(Saved data entries)
============

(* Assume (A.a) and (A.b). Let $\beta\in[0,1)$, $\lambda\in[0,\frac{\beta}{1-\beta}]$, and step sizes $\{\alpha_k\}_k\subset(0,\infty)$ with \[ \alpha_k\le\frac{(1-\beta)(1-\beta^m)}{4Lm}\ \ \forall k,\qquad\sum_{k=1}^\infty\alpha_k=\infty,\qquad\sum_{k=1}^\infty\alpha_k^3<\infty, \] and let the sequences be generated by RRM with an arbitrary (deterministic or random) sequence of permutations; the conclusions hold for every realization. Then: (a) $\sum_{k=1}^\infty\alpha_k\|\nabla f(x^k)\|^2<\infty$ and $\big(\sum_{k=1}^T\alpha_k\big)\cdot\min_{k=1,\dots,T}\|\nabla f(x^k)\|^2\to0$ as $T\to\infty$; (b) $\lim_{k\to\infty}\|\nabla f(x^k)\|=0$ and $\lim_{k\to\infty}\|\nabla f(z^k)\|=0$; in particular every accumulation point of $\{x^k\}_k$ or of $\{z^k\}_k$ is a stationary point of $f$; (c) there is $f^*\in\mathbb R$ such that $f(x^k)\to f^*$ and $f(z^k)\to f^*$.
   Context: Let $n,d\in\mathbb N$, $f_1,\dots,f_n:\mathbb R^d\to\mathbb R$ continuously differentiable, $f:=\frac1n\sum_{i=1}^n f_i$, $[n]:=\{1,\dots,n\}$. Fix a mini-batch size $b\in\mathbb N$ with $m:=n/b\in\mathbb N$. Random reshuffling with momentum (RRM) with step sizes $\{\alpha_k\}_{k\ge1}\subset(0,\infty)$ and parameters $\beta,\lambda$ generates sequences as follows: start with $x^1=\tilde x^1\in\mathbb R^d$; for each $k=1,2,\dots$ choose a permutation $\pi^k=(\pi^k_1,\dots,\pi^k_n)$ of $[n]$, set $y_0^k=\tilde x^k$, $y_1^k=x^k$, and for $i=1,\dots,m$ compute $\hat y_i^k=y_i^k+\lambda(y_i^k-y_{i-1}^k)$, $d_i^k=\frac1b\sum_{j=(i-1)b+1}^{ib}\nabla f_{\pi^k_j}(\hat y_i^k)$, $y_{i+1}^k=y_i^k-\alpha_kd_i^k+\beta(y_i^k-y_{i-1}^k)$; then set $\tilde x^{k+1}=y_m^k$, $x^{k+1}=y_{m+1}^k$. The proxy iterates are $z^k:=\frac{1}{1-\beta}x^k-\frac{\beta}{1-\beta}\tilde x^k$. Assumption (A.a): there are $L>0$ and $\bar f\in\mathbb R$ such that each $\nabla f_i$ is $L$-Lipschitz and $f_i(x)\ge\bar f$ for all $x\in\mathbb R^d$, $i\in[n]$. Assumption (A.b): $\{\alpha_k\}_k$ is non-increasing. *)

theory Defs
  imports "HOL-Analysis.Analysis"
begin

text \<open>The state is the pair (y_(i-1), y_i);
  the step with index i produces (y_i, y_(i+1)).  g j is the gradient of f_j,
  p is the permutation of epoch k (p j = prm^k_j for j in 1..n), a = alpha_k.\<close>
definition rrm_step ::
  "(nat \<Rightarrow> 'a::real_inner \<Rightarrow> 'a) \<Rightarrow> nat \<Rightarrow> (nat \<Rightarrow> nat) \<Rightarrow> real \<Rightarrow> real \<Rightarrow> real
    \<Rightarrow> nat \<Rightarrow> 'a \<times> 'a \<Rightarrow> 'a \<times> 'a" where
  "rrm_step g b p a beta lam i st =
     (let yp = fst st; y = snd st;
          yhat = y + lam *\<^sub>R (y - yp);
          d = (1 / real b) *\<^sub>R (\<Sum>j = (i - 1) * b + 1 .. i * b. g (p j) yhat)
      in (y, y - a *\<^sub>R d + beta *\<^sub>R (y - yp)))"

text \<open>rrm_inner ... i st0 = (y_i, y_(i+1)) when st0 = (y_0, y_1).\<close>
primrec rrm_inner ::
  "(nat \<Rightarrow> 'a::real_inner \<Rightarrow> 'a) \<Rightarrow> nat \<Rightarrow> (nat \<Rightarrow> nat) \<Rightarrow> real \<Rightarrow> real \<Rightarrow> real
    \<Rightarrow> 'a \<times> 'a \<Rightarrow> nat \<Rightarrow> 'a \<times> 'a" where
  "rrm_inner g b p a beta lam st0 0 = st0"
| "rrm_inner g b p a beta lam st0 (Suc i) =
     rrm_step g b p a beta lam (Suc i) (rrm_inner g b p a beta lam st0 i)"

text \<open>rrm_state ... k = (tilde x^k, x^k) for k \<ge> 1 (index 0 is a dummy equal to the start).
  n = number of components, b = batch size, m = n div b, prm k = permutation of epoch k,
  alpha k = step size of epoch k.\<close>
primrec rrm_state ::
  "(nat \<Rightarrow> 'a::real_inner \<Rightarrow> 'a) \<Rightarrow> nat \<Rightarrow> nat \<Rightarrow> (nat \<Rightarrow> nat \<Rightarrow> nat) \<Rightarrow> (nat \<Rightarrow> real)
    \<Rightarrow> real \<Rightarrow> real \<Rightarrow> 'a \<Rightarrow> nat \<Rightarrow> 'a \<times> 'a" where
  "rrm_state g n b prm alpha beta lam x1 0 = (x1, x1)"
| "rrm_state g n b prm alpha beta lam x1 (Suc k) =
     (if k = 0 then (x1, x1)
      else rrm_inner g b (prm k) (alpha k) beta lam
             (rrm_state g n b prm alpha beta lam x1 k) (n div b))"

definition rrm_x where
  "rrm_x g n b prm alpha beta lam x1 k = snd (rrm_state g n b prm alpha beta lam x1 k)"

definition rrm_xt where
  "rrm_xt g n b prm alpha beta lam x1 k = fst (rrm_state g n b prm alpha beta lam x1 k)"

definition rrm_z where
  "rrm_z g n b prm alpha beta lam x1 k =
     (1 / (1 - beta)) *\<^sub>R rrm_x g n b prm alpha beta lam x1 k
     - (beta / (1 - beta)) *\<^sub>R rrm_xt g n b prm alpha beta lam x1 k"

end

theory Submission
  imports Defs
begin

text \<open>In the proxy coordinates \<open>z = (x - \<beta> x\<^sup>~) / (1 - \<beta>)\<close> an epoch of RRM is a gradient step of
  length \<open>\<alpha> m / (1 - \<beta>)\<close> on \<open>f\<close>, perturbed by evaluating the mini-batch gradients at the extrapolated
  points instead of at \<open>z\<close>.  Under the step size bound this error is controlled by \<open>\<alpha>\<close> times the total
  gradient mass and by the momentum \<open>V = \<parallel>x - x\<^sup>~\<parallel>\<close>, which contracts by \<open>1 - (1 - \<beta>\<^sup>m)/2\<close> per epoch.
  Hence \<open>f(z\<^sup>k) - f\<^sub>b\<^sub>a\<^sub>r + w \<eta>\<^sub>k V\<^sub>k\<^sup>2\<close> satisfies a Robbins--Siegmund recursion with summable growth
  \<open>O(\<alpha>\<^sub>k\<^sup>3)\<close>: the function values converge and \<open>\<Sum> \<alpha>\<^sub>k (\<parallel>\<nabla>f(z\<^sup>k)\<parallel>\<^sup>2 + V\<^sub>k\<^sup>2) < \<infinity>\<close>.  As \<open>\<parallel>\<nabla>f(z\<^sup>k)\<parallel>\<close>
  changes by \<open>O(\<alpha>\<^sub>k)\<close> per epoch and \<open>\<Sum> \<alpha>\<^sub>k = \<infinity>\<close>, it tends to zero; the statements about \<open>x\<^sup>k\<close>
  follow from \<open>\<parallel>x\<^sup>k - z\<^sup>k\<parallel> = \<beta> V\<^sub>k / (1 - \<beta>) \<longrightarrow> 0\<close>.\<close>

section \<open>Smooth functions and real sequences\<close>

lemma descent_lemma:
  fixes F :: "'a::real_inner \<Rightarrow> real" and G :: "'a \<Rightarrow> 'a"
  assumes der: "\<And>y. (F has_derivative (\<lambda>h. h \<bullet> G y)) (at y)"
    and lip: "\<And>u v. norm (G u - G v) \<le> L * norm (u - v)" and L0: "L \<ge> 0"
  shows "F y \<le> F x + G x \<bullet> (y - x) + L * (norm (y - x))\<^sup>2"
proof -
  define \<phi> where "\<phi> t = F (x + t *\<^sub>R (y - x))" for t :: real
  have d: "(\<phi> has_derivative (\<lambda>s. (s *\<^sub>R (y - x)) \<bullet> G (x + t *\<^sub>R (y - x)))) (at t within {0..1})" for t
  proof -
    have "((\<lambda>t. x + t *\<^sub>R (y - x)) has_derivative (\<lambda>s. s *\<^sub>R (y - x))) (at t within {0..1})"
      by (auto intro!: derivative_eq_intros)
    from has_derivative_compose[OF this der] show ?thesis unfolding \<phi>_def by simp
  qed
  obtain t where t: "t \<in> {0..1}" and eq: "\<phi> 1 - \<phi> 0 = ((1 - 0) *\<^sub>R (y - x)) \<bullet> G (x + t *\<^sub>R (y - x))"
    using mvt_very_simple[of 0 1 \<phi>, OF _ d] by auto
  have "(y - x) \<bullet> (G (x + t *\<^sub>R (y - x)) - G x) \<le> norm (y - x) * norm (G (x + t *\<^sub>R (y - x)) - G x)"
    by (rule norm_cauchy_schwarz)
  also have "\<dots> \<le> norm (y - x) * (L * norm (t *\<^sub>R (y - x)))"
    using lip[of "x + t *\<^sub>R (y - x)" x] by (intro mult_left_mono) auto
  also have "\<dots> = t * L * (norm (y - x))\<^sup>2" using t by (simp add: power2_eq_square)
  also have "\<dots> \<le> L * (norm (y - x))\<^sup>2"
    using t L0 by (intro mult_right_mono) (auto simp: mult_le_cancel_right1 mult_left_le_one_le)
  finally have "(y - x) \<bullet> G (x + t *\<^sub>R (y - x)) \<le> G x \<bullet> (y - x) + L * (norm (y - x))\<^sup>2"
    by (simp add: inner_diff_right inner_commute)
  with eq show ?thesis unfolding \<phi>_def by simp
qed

============

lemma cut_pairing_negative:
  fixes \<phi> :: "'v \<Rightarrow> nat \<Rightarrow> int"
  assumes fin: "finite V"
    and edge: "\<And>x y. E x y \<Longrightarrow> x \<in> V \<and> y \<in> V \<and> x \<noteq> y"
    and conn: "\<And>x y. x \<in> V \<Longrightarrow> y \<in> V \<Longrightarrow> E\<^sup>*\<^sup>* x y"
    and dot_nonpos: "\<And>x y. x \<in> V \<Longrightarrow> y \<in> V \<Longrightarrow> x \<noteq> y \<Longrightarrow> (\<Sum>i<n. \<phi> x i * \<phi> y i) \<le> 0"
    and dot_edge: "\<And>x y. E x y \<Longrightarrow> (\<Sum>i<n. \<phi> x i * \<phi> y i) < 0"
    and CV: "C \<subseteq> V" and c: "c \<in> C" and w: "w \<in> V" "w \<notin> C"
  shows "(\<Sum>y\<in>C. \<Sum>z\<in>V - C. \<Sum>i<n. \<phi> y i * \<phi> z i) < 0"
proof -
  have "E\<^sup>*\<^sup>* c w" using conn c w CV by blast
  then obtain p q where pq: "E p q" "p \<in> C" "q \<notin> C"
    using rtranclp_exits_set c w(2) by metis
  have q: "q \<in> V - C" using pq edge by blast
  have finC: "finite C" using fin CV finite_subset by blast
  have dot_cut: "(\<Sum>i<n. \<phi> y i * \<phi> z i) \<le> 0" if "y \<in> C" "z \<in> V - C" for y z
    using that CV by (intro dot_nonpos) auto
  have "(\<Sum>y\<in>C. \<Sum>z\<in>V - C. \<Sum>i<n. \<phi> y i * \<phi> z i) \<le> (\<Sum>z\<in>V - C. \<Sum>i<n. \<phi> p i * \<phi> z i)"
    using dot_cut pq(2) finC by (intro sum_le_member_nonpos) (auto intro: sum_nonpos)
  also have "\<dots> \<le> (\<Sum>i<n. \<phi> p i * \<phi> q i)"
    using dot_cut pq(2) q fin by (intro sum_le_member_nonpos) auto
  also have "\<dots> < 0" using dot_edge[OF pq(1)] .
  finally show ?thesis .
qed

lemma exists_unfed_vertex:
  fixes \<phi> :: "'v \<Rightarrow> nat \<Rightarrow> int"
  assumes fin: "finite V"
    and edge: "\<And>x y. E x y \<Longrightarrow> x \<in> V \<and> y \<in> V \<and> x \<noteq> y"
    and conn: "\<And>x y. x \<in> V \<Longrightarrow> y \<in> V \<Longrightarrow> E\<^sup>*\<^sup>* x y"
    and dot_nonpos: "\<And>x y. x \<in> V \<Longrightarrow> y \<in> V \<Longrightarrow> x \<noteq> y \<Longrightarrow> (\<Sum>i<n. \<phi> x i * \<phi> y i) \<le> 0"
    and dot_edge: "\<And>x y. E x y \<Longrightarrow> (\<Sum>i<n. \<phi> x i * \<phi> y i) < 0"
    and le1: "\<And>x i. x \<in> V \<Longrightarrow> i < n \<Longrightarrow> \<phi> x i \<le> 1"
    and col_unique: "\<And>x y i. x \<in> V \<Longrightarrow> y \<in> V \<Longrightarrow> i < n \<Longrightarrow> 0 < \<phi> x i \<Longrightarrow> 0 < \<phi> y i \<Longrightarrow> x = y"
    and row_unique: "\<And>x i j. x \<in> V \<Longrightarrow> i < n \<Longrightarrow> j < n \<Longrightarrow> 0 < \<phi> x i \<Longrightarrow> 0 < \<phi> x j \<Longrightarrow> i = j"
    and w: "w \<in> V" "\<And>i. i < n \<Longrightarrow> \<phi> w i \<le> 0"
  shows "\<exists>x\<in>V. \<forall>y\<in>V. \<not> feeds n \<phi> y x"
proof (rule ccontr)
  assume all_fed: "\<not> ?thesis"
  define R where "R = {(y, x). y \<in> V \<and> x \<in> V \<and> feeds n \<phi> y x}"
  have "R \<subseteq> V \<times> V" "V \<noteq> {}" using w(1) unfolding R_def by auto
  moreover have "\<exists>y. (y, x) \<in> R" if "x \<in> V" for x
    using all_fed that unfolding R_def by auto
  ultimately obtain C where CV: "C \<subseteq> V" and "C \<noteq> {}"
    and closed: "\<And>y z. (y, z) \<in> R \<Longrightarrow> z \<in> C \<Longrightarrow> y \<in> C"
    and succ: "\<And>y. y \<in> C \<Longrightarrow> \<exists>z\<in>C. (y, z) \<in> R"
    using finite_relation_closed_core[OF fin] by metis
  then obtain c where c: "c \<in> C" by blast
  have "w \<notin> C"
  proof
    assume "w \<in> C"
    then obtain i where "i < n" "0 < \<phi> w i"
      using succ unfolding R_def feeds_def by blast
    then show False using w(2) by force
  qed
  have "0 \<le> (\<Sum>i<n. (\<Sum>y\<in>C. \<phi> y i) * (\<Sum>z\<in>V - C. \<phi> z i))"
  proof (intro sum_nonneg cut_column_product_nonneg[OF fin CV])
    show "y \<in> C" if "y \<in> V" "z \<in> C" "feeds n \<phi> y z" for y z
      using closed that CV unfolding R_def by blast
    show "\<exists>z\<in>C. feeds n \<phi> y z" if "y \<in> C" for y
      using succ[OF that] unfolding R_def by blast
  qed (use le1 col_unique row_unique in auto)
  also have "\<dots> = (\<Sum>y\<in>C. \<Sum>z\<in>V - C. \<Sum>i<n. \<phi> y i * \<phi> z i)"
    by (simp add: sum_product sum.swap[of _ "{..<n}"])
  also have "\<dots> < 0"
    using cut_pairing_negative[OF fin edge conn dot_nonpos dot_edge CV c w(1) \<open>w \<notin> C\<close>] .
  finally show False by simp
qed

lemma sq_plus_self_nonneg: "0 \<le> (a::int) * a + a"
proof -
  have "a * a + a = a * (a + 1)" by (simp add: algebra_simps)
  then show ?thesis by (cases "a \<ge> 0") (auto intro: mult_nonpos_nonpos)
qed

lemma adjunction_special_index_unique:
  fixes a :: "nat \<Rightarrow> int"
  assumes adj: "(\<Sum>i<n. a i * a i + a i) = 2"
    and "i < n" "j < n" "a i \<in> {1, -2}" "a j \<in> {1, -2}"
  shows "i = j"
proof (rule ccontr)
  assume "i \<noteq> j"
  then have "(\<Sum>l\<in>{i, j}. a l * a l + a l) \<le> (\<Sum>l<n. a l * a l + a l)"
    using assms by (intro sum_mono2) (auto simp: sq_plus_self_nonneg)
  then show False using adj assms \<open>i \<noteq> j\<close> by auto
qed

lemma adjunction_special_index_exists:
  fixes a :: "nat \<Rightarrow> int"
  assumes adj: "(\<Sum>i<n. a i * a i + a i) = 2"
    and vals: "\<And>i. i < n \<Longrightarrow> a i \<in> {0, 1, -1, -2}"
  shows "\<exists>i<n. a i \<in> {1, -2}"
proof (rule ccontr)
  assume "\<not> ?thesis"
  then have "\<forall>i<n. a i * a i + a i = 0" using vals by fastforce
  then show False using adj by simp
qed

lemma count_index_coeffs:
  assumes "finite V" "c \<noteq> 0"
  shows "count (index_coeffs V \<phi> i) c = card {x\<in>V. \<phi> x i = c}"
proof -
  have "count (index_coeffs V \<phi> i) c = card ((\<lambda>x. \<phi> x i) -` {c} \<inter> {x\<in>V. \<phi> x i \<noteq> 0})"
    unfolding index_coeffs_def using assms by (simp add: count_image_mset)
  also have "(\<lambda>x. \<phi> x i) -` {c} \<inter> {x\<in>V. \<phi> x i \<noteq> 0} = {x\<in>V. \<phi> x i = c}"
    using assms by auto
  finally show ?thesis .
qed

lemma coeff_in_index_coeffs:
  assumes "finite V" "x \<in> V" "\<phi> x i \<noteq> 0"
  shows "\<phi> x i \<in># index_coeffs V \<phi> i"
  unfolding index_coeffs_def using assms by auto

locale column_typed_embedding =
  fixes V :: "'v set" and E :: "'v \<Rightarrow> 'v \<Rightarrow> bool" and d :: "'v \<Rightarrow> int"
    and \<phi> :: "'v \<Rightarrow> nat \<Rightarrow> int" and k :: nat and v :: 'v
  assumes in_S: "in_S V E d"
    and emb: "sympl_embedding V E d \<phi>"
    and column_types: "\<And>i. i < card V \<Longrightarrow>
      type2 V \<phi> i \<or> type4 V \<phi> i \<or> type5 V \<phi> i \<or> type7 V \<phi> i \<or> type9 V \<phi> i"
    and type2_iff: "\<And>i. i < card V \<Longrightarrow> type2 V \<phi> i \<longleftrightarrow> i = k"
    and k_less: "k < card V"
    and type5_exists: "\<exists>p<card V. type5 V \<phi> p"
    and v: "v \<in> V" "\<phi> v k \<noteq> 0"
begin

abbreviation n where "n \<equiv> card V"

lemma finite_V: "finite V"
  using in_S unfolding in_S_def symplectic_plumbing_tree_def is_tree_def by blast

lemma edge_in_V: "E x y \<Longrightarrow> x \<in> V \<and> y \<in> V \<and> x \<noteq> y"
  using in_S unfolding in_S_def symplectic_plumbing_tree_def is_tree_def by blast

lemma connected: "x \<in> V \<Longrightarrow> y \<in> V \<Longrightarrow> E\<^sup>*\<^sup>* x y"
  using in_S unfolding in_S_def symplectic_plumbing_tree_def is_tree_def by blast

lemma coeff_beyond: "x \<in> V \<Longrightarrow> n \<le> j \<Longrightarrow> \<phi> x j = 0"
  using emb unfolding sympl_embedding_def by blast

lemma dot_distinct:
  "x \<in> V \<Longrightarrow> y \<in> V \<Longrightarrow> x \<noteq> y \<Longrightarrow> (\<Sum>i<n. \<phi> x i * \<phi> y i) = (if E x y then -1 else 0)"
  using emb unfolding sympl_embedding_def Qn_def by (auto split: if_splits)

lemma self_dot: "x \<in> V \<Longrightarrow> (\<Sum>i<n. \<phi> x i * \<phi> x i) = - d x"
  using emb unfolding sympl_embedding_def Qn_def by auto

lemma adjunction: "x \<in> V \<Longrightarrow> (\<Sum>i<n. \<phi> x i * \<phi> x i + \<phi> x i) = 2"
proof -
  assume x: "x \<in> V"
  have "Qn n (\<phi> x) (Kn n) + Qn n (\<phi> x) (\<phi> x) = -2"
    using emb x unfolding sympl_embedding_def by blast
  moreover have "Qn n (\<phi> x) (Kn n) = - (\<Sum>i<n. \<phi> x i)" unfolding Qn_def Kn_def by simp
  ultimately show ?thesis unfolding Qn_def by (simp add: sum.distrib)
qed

============

### WORK REQUEST
In your answer, include only the lines above starting at the line that holds "V. type5 V \<phi>" and ending at the line that holds "using emb unfolding sympl_embedding_def Qn_def by (auto", copied exactly.

### ANSWER SECTION
    and type5_exists: "\<exists>p<card V. type5 V \<phi> p"
    and v: "v \<in> V" "\<phi> v k \<noteq> 0"
begin

abbreviation n where "n \<equiv> card V"

lemma finite_V: "finite V"
  using in_S unfolding in_S_def symplectic_plumbing_tree_def is_tree_def by blast

lemma edge_in_V: "E x y \<Longrightarrow> x \<in> V \<and> y \<in> V \<and> x \<noteq> y"
  using in_S unfolding in_S_def symplectic_plumbing_tree_def is_tree_def by blast

lemma connected: "x \<in> V \<Longrightarrow> y \<in> V \<Longrightarrow> E\<^sup>*\<^sup>* x y"
  using in_S unfolding in_S_def symplectic_plumbing_tree_def is_tree_def by blast

lemma coeff_beyond: "x \<in> V \<Longrightarrow> n \<le> j \<Longrightarrow> \<phi> x j = 0"
  using emb unfolding sympl_embedding_def by blast

lemma dot_distinct:
  "x \<in> V \<Longrightarrow> y \<in> V \<Longrightarrow> x \<noteq> y \<Longrightarrow> (\<Sum>i<n. \<phi> x i * \<phi> y i) = (if E x y then -1 else 0)"
  using emb unfolding sympl_embedding_def Qn_def by (auto split: if_splits)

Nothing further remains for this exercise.